● **TASK DATA**

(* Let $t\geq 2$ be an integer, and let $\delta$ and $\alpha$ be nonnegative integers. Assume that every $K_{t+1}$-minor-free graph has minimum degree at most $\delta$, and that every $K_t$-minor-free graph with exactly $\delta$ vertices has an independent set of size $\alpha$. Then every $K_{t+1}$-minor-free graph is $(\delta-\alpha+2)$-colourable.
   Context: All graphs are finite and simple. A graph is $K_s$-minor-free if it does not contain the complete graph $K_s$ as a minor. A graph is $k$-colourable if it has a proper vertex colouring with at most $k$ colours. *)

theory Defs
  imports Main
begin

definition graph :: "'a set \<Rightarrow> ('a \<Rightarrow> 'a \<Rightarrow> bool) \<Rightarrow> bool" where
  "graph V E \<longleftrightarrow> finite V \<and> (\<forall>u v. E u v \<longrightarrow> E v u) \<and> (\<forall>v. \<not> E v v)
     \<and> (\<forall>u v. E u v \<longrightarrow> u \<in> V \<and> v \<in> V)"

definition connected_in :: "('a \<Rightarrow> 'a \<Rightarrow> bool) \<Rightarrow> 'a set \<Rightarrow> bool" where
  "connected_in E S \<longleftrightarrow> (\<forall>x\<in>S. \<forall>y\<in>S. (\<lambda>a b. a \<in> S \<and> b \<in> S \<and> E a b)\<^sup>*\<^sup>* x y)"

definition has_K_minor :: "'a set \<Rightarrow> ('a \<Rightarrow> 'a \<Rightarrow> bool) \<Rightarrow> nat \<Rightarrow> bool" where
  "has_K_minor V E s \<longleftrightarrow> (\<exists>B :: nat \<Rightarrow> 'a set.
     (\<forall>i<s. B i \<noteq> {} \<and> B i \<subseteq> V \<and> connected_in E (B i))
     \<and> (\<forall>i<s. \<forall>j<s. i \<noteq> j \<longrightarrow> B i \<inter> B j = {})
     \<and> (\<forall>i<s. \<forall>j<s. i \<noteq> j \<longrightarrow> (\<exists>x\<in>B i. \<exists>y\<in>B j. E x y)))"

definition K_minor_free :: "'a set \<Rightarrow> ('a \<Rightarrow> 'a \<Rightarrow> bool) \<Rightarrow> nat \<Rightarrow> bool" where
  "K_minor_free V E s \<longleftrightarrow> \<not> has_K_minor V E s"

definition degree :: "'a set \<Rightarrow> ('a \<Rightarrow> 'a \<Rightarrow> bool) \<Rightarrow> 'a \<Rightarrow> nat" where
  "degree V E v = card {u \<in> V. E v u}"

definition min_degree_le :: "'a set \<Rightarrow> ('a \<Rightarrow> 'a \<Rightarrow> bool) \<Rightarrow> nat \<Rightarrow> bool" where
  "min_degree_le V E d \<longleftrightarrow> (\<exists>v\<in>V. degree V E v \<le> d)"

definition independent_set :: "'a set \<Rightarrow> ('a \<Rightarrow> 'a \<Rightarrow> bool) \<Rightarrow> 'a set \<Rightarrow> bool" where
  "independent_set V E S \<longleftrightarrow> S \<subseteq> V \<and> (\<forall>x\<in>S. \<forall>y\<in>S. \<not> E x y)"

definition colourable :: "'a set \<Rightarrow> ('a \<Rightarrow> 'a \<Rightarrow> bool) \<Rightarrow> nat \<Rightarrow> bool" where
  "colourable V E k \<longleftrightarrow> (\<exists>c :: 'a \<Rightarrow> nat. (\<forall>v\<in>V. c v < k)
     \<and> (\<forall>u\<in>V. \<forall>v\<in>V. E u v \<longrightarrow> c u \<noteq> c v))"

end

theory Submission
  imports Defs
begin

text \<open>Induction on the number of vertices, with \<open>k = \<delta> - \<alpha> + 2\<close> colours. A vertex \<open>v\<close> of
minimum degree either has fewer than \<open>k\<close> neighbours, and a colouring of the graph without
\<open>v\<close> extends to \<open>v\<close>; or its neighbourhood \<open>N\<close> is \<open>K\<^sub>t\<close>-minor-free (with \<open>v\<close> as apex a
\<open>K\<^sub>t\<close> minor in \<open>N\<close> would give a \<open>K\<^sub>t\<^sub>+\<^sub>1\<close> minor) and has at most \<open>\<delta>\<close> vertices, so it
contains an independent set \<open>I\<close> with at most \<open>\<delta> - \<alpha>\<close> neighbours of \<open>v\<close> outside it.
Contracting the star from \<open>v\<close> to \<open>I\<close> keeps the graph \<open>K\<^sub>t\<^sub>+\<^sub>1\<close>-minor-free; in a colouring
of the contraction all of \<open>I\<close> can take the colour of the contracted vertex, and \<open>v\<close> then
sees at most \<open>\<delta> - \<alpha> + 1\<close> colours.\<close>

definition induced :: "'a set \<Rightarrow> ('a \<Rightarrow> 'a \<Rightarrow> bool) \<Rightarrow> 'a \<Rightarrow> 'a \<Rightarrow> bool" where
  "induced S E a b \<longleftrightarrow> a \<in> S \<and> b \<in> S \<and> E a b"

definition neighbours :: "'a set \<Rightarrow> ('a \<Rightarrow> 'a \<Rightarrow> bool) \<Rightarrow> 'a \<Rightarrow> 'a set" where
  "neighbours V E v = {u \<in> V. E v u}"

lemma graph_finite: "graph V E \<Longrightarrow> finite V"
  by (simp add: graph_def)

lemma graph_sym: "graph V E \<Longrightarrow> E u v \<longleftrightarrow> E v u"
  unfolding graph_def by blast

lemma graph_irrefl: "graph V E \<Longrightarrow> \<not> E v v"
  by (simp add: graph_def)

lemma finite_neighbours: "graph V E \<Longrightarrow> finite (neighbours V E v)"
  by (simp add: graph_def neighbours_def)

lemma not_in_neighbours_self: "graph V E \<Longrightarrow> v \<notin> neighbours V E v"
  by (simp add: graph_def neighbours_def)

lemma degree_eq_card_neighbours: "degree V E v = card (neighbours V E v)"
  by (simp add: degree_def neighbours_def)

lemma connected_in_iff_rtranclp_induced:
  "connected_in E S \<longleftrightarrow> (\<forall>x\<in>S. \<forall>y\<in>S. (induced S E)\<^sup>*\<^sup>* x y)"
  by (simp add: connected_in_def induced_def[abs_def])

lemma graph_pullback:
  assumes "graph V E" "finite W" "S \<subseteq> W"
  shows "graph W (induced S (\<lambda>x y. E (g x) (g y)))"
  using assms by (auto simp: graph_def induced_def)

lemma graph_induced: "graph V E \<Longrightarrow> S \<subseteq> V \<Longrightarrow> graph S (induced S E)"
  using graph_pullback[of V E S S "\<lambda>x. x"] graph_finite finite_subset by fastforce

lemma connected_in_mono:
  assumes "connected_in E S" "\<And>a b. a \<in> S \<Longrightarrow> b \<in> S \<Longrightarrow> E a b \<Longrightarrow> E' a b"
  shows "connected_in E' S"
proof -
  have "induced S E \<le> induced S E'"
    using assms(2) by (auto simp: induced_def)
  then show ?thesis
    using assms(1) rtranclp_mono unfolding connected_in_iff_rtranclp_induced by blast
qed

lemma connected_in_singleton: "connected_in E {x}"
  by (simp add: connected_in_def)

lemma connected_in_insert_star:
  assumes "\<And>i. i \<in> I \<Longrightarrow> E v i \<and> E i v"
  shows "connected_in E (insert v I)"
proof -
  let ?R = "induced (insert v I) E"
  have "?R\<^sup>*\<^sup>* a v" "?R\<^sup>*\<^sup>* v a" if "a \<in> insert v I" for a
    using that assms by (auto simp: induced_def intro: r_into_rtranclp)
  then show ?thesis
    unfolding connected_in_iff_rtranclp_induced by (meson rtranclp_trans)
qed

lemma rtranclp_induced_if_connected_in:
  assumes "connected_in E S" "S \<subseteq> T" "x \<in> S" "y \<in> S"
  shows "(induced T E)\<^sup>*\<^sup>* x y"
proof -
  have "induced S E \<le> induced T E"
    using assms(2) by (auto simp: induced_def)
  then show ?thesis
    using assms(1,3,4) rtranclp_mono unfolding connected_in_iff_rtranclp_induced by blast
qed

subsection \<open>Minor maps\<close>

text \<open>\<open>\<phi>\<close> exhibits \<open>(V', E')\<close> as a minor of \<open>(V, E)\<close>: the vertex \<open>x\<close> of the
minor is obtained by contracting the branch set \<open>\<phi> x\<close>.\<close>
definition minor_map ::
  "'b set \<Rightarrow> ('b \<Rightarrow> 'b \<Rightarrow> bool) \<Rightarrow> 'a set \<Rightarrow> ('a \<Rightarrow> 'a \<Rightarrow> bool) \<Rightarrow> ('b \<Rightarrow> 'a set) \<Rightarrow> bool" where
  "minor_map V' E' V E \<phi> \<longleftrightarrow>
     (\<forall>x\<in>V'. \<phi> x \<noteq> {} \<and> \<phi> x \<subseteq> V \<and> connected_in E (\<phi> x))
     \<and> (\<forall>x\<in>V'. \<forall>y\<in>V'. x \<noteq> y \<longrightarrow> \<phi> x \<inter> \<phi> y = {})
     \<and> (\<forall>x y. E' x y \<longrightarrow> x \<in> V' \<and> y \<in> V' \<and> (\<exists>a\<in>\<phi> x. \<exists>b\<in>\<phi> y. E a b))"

--

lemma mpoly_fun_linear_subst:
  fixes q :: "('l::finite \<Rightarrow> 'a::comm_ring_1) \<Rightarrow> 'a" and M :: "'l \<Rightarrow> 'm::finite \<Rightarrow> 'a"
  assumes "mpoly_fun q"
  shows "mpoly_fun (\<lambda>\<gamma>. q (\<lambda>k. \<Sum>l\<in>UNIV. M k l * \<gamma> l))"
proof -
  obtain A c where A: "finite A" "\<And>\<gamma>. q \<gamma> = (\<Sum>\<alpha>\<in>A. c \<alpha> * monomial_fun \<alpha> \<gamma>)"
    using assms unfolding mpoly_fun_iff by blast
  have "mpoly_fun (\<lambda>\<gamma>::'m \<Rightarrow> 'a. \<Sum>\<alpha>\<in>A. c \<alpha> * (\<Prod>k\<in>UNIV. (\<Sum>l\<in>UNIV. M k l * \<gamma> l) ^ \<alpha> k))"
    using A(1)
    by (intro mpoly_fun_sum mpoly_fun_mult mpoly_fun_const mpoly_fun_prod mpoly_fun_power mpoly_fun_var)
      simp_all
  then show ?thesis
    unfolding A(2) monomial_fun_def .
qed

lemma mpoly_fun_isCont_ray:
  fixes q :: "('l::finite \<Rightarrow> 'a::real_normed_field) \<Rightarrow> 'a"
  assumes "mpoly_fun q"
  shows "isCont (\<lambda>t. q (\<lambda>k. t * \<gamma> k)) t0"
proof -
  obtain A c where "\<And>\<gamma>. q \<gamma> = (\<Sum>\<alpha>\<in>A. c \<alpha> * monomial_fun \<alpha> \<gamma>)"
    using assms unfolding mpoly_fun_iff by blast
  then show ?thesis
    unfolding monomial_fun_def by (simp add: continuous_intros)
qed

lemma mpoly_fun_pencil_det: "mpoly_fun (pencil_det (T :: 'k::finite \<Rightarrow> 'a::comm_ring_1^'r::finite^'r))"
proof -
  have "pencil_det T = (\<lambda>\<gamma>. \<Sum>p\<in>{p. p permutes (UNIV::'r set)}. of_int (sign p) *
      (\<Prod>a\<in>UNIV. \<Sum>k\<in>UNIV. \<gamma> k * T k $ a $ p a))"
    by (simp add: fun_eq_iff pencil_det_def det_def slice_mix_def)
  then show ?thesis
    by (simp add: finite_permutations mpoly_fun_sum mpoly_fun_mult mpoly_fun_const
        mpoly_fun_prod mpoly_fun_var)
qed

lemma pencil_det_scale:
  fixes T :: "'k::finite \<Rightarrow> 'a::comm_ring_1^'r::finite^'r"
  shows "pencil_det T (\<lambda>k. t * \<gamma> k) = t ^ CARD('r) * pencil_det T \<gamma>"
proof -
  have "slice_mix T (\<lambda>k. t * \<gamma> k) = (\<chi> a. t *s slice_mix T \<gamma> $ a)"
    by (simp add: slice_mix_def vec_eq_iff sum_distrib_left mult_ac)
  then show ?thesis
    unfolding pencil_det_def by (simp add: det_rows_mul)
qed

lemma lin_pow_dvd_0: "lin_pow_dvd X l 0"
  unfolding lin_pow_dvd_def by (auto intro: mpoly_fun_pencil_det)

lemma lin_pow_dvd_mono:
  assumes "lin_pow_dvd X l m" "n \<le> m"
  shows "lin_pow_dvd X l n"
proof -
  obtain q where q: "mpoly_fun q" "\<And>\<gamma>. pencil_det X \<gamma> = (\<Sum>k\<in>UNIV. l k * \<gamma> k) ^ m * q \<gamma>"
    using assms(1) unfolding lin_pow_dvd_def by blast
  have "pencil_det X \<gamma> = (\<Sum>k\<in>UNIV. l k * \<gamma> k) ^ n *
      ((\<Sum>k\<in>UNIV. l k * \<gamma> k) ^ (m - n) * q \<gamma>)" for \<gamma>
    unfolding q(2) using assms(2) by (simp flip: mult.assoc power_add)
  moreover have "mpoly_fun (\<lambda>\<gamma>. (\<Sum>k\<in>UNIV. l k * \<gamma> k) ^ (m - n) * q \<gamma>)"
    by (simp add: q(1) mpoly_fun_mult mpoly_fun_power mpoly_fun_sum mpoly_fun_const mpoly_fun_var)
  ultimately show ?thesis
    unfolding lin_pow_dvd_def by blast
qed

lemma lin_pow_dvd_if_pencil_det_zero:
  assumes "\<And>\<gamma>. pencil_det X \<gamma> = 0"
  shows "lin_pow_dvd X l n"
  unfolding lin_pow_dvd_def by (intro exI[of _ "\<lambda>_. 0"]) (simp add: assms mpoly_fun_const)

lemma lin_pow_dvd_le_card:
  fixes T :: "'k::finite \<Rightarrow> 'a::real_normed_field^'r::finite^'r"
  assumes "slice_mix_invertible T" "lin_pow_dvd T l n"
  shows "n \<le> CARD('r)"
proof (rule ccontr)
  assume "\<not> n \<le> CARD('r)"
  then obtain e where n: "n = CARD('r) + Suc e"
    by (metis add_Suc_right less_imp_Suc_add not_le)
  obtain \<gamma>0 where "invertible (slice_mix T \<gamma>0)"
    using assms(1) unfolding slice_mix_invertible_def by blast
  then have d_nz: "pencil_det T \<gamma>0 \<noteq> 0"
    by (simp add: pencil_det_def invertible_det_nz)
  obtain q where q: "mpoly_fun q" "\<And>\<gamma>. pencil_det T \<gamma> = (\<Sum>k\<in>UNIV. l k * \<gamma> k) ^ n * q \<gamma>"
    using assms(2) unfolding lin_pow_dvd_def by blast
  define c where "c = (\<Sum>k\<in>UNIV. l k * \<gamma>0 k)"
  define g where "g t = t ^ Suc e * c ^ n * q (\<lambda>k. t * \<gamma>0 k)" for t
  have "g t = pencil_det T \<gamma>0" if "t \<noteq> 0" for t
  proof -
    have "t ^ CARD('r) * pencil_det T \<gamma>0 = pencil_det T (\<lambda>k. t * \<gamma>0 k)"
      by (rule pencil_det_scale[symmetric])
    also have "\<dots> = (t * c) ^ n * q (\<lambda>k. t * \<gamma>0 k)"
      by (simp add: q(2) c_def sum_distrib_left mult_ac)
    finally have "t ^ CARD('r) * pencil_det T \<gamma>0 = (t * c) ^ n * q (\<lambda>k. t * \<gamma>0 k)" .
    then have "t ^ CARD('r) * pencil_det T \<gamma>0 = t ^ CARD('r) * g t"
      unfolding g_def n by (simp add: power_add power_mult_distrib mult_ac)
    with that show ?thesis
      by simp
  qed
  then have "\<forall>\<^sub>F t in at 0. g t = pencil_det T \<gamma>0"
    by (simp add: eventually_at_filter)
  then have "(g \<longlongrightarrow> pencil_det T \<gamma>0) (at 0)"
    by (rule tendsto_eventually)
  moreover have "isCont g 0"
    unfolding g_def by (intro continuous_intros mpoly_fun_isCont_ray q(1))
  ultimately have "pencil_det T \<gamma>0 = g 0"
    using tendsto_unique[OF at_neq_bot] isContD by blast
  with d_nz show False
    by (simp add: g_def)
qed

● **PROBLEM REQUIREMENTS**
Using the material above, filter for lines holding "moreover" and copy each one.

● **WRITTEN RESPONSE**
  moreover have "mpoly_fun (\<lambda>\<gamma>. (\<Sum>k\<in>UNIV. l k * \<gamma> k) ^ (m - n) * q \<gamma>)"
  moreover have "isCont g 0"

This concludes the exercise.